While rotating the protons gradually become out of phase with one another decreasing the measurable signal. The rate at which this dephasing occurs determines the T2 properties of a tissue. If the protons in a tissue remain in phase with one another longer than all other tissues then this tissue will be brightest on a T2-weighted scan.
A proton density (PD) scan minimizes both T1 and T2 contrast to produce an image in which brightness is determined by the number of protons in a voxel.

Tissue Contrast

The contrast on the MRI can be manipulated by changing the pulse sequence parameters. A pulse sequence sets the specific number, strength, and timing of the RF and gradient pulses. The two most important parameters are the TR and the TE. The TR is the time between consecutive 90° RF pulse. The TE is the time between the initial 90° RF pulse and the echo.
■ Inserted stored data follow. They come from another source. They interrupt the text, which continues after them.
lemma dirichlet_inverse_prime_power:
  assumes "prime p" and "k > 0"
  shows "dirichlet_inverse f (p ^ k)
    = - (1 / f 1) * (\<Sum>j<k. f (p ^ (k - j)) * dirichlet_inverse f (p ^ j))"
proof -
  have p1: "p > 1" using \<open>prime p\<close> prime_gt_1_nat by blast
  have divisors: "{d. d dvd p ^ k \<and> d < p ^ k} = (\<lambda>j. p ^ j) ` {..<k}"
  proof
    show "{d. d dvd p ^ k \<and> d < p ^ k} \<subseteq> (\<lambda>j. p ^ j) ` {..<k}"
    proof clarify
      fix d assume "d dvd p ^ k" "d < p ^ k"
      then obtain i where "i \<le> k" "d = p ^ i" using divides_primepow_nat[OF \<open>prime p\<close>] by blast
      moreover have "i \<noteq> k" using \<open>d < p ^ k\<close> \<open>d = p ^ i\<close> by auto
      ultimately show "d \<in> (\<lambda>j. p ^ j) ` {..<k}" by auto
    qed
    show "(\<lambda>j. p ^ j) ` {..<k} \<subseteq> {d. d dvd p ^ k \<and> d < p ^ k}"
      using p1 by (auto intro: le_imp_power_dvd power_strict_increasing)
  qed
  have inj: "inj_on (\<lambda>j. p ^ j) {..<k}" using p1 by (auto intro: inj_onI)
  have "dirichlet_inverse f (p ^ k)
      = - (1 / f 1) * (\<Sum>d \<in> {d. d dvd p ^ k \<and> d < p ^ k}. f (p ^ k div d) * dirichlet_inverse f d)"
    using p1 \<open>k > 0\<close> by (subst dirichlet_inverse.simps) simp
  also have "\<dots> = - (1 / f 1) * (\<Sum>j<k. f (p ^ (k - j)) * dirichlet_inverse f (p ^ j))"
    using p1 by (simp add: divisors sum.reindex[OF inj] power_diff)
  finally show ?thesis .
qed

definition inverse_bound_coeff :: "real \<Rightarrow> nat \<Rightarrow> real" where
  "inverse_bound_coeff A k = (if k = 0 then 1 else A * (A + 1) ^ (k - 1))"

lemma sum_inverse_bound_coeff:
  "k > 0 \<Longrightarrow> A * (\<Sum>j<k. inverse_bound_coeff A j) = inverse_bound_coeff A k"
proof (induction k)
  case (Suc k)
  show ?case
  proof (cases "k = 0")
    case False
    then have "A * (\<Sum>j<Suc k. inverse_bound_coeff A j)
        = inverse_bound_coeff A k + A * inverse_bound_coeff A k"
      using Suc by (simp add: distrib_left)
    also have "\<dots> = inverse_bound_coeff A (Suc k)"
      using False by (cases k) (simp_all add: inverse_bound_coeff_def algebra_simps)
    finally show ?thesis .
  qed (simp add: inverse_bound_coeff_def)
qed simp

lemma abs_dirichlet_inverse_prime_power_le:
  fixes f :: "nat \<Rightarrow> real"
  assumes f1: "f 1 = 1" and "prime p" and "A \<ge> 0" and "q \<ge> 0"
    and bound: "\<And>j. j > 0 \<Longrightarrow> \<bar>f (p ^ j)\<bar> \<le> A * q ^ j"
  shows "\<bar>dirichlet_inverse f (p ^ k)\<bar> \<le> inverse_bound_coeff A k * q ^ k"
proof (induction k rule: less_induct)
  case (less k)
  show ?case
  proof (cases "k = 0")
    case False
    then have "k > 0" by simp
    have "\<bar>dirichlet_inverse f (p ^ k)\<bar> = \<bar>\<Sum>j<k. f (p ^ (k - j)) * dirichlet_inverse f (p ^ j)\<bar>"
      using dirichlet_inverse_prime_power[OF \<open>prime p\<close> \<open>k > 0\<close>] f1 by simp
    also have "\<dots> \<le> (\<Sum>j<k. \<bar>f (p ^ (k - j))\<bar> * \<bar>dirichlet_inverse f (p ^ j)\<bar>)"
      by (rule order_trans[OF sum_abs]) (simp add: abs_mult)
    also have "\<dots> \<le> (\<Sum>j<k. A * q ^ (k - j) * (inverse_bound_coeff A j * q ^ j))"
      using less bound \<open>A \<ge> 0\<close> \<open>q \<ge> 0\<close> by (intro sum_mono mult_mono) auto
    also have "\<dots> = (\<Sum>j<k. A * inverse_bound_coeff A j * q ^ k)"
      by (intro sum.cong refl) (simp add: mult_ac flip: power_add)
    also have "\<dots> = A * (\<Sum>j<k. inverse_bound_coeff A j) * q ^ k"
      by (simp add: sum_distrib_left sum_distrib_right)
    also have "\<dots> = inverse_bound_coeff A k * q ^ k"
      using sum_inverse_bound_coeff[OF \<open>k > 0\<close>] by simp
    finally show ?thesis .
  qed (use f1 in \<open>simp add: inverse_bound_coeff_def\<close>)
qed

lemma cube_le_three_power: "n ^ 3 \<le> (3 :: nat) ^ n"
proof (induction n rule: less_induct)
  case (less n)
  show ?case
  proof (cases "n \<le> 3")
    case True
    then show ?thesis by (auto simp: le_Suc_eq numeral_3_eq_3)
  next
    case False
    then obtain m where m: "n = Suc m" "m \<ge> 3" by (cases n) auto
    have "Suc m ^ 3 = m ^ 3 + 3 * m ^ 2 + 3 * m + 1" by (simp add: power3_eq_cube power2_eq_square algebra_simps)
    also have "\<dots> \<le> 3 * m ^ 3"
    proof -
      have "3 * m ^ 2 \<le> m ^ 3" and "9 * m \<le> m ^ 3"
        using m(2) mult_le_mono1[of 3 m "m * m"] mult_le_mono1[of 9 "m * m" m] mult_le_mono[of 3 m 3 m]
        by (simp_all add: power3_eq_cube power2_eq_square)
      then show ?thesis using m(2) by linarith
    qed
    also have "\<dots> \<le> 3 * 3 ^ m" using less m by simp
    finally show ?thesis using m by simp
  qed
qed

lemma power_le_powr_log_3:
  fixes c :: real
  assumes "0 < c" "c \<le> 1" "n > 0"
  shows "c ^ n \<le> real n powr (3 * ln c / ln 3)"
proof -
  have "ln (real n ^ 3) \<le> ln (3 ^ n)"
    using cube_le_three_power[of n] \<open>n > 0\<close> by (simp flip: of_nat_power)
  then have "3 * ln (real n) / ln 3 \<le> n" by (simp add: ln_realpow divide_le_eq)
  then have "n * ln c \<le> (3 * ln (real n) / ln 3) * ln c"
    using \<open>0 < c\<close> \<open>c \<le> 1\<close> by (intro mult_right_mono_neg) auto
  also have "\<dots> = ln (real n) * (3 * ln c / ln 3)" by simp
  finally have "ln (c ^ n) \<le> ln (real n) * (3 * ln c / ln 3)"
    using \<open>0 < c\<close> by (simp add: ln_realpow)
  then have "exp (ln (c ^ n)) \<le> exp (ln (real n) * (3 * ln c / ln 3))" by simp
  then show ?thesis
    using \<open>0 < c\<close> \<open>n > 0\<close> by (simp add: powr_def mult.commute)
qed

lemma mult_le_power: "(2 :: nat) \<le> p \<Longrightarrow> j * p \<le> p ^ j"
proof (cases j)
  case (Suc i)
  assume "2 \<le> p"
  then have "Suc i * p \<le> p ^ i * p" by (intro mult_le_mono1 Suc_leI power_gt_expt) auto
  then show ?thesis using Suc by (simp add: mult.commute)
qed simp

lemma abs_dirichlet_inverse_prime_power_powr:
  fixes f :: "nat \<Rightarrow> real" and A c :: real
  assumes f1: "f 1 = 1" and A: "A > 0" and c: "0 < c" "c < 1"
    and bound: "\<And>n. n \<ge> 2 \<Longrightarrow> \<bar>f n\<bar> \<le> A * c ^ n"
    and "prime p" "k > 0"
  shows "\<bar>dirichlet_inverse f (p ^ k)\<bar>
    \<le> A / (A + 1) * (A + 1) ^ k * real (p ^ k) powr (3 * ln c / ln 3)"
proof -
  define e where "e = 3 * ln c / ln 3"
  have p2: "p \<ge> 2" using \<open>prime p\<close> prime_ge_2_nat by blast
  have f_prime_power: "\<bar>f (p ^ j)\<bar> \<le> A * (c ^ p) ^ j" if "j > 0" for j
  proof -
    have "2 \<le> p ^ j" using p2 that self_le_power[of p j] by simp
    then have "\<bar>f (p ^ j)\<bar> \<le> A * c ^ (p ^ j)" by (rule bound)
    also have "\<dots> \<le> A * c ^ (j * p)"
      using mult_le_power[OF p2, of j] A c by (intro mult_left_mono power_decreasing) auto
    finally show ?thesis by (simp add: power_mult[of c p j, symmetric] mult.commute)
  qed
  have "c ^ p \<le> real p powr e"
    unfolding e_def using c p2 by (intro power_le_powr_log_3) auto
  then have cp: "(c ^ p) ^ k \<le> (real p powr e) ^ k"
    using c by (intro power_mono) auto
  have "\<bar>dirichlet_inverse f (p ^ k)\<bar> \<le> inverse_bound_coeff A k * (c ^ p) ^ k"
    using abs_dirichlet_inverse_prime_power_le[OF f1 \<open>prime p\<close> _ _ f_prime_power] A c by simp
  also have "\<dots> \<le> inverse_bound_coeff A k * (real p powr e) ^ k"
    using cp A by (intro mult_left_mono) (simp_all add: inverse_bound_coeff_def)
  also have "inverse_bound_coeff A k = A / (A + 1) * (A + 1) ^ k"
    using A \<open>k > 0\<close> by (cases k) (simp_all add: inverse_bound_coeff_def)
  also have "(real p powr e) ^ k = real (p ^ k) powr e"
    using p2 by (simp add: powr_powr powr_power powr_realpow [symmetric] mult.commute)
  finally show ?thesis unfolding e_def .
qed

lemma prod_prime_factors_omega_Omega:
  fixes a b e :: real
  assumes "n > 0"
  shows "(\<Prod>p\<in>prime_factors n. a * b ^ multiplicity p n * real (p ^ multiplicity p n) powr e)
    = a ^ omega n * b ^ Omega n * real n powr e"
proof -
  have "Omega n = (\<Sum>p\<in>prime_factors n. multiplicity p n)"
    unfolding Omega_def size_multiset_overloaded_eq
    by (intro sum.cong refl) (simp add: count_prime_factorization_prime in_prime_factors_imp_prime)
  then have "(\<Prod>p\<in>prime_factors n. b ^ multiplicity p n) = b ^ Omega n"
    by (simp add: power_sum)
  moreover have "(\<Prod>p\<in>prime_factors n. real (p ^ multiplicity p n)) = real n"
    using prime_factorization_nat[OF assms] by (metis of_nat_prod)
  ultimately show ?thesis
    by (simp add: omega_def prod.distrib flip: prod_powr_distrib)
qed

theorem proposition3p6:
  fixes f :: "nat \<Rightarrow> real" and A c :: real
  assumes f1: "f 1 = 1"
    and mult: "\<And>m n. coprime m n \<Longrightarrow> f (m * n) = f m * f n"
    and A: "A > 0" and c0: "0 < c" and c1: "c < 1"
    and bound: "\<And>n. n \<ge> 2 \<Longrightarrow> \<bar>f n\<bar> \<le> A * c ^ n"
  shows "\<forall>n::nat. n \<ge> 2 \<longrightarrow>
    \<bar>dirichlet_inverse f n\<bar> \<le> (A / (A + 1)) ^ omega n * (A + 1) ^ Omega n
        * real n powr (3 * ln c / ln 3)"
proof (intro allI impI)
  fix n :: nat
  assume "n \<ge> 2"
  define e where "e = 3 * ln c / ln 3"
  have "\<bar>dirichlet_inverse f n\<bar>
      = (\<Prod>p\<in>prime_factors n. \<bar>dirichlet_inverse f (p ^ multiplicity p n)\<bar>)"
    using dirichlet_inverse_prime_factorization[OF f1 mult, of n] \<open>n \<ge> 2\<close> by (simp add: abs_prod)
  also have "\<dots> \<le> (\<Prod>p\<in>prime_factors n.
      A / (A + 1) * (A + 1) ^ multiplicity p n * real (p ^ multiplicity p n) powr e)"
    unfolding e_def using abs_dirichlet_inverse_prime_power_powr[OF f1 A c0 c1 bound]
    by (intro prod_mono) (auto simp: prime_factors_multiplicity)
  also have "\<dots> = (A / (A + 1)) ^ omega n * (A + 1) ^ Omega n * real n powr e"
    using \<open>n \<ge> 2\<close> by (intro prod_prime_factors_omega_Omega) simp
  finally show "\<bar>dirichlet_inverse f n\<bar>
      \<le> (A / (A + 1)) ^ omega n * (A + 1) ^ Omega n * real n powr (3 * ln c / ln 3)"
    unfolding e_def .
qed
Two controls determine tissue contrast: TR (repetition time) and TE (echo time) of the scan.
Repetition time (TR) is the time from the application of an excitation pulse to the application of the next pulse or the time between successive RF pulses. A long repetition time allows the protons in all of the tissues to relax back into alignment with the main magnetic field. A short repetition time will result in the protons from some tissues not having fully relaxed back into alignment before the next measurement is made decreasing the signal from this tissue. It determines how much longitudinal magnetization recovers between each pulse. It's measured in milliseconds.
Echo time (TE) is the time between the application of RF excitation pulse and the peak of the signal induced in the coil. A long echo time results in reduced signal in tissues like white matter and gray matter since the protons are more likely to become out of phase. Protons in a fluid will remain in phase for a longer time since they are not constrained by structures such as axons and neurons. A short echo time reduces the amount of dephasing that can occur in tissue like white matter and gray matter. It's measured in milliseconds.